» **EXERCISE DETAILS**
For every record here, output an exact copy.

================================

lemma discrete_rank_cdf_le_continuous:
  fixes S E M i :: nat
  assumes M: "0 < M" and "0 \<le> d"
    and S_close: "\<bar>real S / M - a\<bar> \<le> \<eta>" and E_close: "\<bar>real E / M - d\<bar> \<le> \<eta>"
  shows "discrete_rank_cdf S E i \<le> continuous_rank_cdf (a + d) d (real (i + 1) / M + 2 * \<eta>)"
proof (cases "discrete_rank_cdf S E i = 0")
  case True
  then show ?thesis using continuous_rank_cdf_bounds(1) by simp
next
  case False
  define p where "p = discrete_rank_cdf S E i"
  have p: "p \<in> {0..1}" unfolding p_def using discrete_rank_cdf_bounds by auto
  have "p \<le> (real i + 1 - real S) / (real E + 1)"
    using False unfolding p_def discrete_rank_cdf_def by linarith
  then have "p * (real E + 1) \<le> real i + 1 - real S"
    by (simp add: pos_le_divide_eq)
  then have "p * (real E + 1) / M \<le> (real i + 1 - real S) / M"
    using M by (intro divide_right_mono) auto
  then have scaled: "p * (real E / M + 1 / M) \<le> real (i + 1) / M - real S / M"
    by (simp add: add_divide_distrib diff_divide_distrib distrib_left)
  have "p * d \<le> p * (real E / M + \<eta>)"
    using p E_close by (intro mult_left_mono) auto
  also have "\<dots> \<le> p * (real E / M) + \<eta>"
    using p E_close by (simp add: distrib_left mult_left_le_one_le)
  finally have "p * d \<le> p * (real E / M) + \<eta>" .
  moreover have "0 \<le> p / M"
    using p by simp
  ultimately have "a + p * d \<le> real (i + 1) / M + 2 * \<eta>"
    using scaled S_close by (simp add: distrib_left abs_le_iff)
  then show ?thesis
    unfolding p_def[symmetric] using p assms by (intro le_continuous_rank_cdf) (auto simp: algebra_simps)
qed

================================

» **SOLUTION FOR THIS PROBLEM**
lemma discrete_rank_cdf_le_continuous:
  fixes S E M i :: nat
  assumes M: "0 < M" and "0 \<le> d"
    and S_close: "\<bar>real S / M - a\<bar> \<le> \<eta>" and E_close: "\<bar>real E / M - d\<bar> \<le> \<eta>"
  shows "discrete_rank_cdf S E i \<le> continuous_rank_cdf (a + d) d (real (i + 1) / M + 2 * \<eta>)"
proof (cases "discrete_rank_cdf S E i = 0")
  case True
  then show ?thesis using continuous_rank_cdf_bounds(1) by simp
next
  case False
  define p where "p = discrete_rank_cdf S E i"
  have p: "p \<in> {0..1}" unfolding p_def using discrete_rank_cdf_bounds by auto
  have "p \<le> (real i + 1 - real S) / (real E + 1)"
    using False unfolding p_def discrete_rank_cdf_def by linarith
  then have "p * (real E + 1) \<le> real i + 1 - real S"
    by (simp add: pos_le_divide_eq)
  then have "p * (real E + 1) / M \<le> (real i + 1 - real S) / M"
    using M by (intro divide_right_mono) auto
  then have scaled: "p * (real E / M + 1 / M) \<le> real (i + 1) / M - real S / M"
    by (simp add: add_divide_distrib diff_divide_distrib distrib_left)
  have "p * d \<le> p * (real E / M + \<eta>)"
    using p E_close by (intro mult_left_mono) auto
  also have "\<dots> \<le> p * (real E / M) + \<eta>"
    using p E_close by (simp add: distrib_left mult_left_le_one_le)
  finally have "p * d \<le> p * (real E / M) + \<eta>" .
  moreover have "0 \<le> p / M"
    using p by simp
  ultimately have "a + p * d \<le> real (i + 1) / M + 2 * \<eta>"
    using scaled S_close by (simp add: distrib_left abs_le_iff)
  then show ?thesis
    unfolding p_def[symmetric] using p assms by (intro le_continuous_rank_cdf) (auto simp: algebra_simps)
qed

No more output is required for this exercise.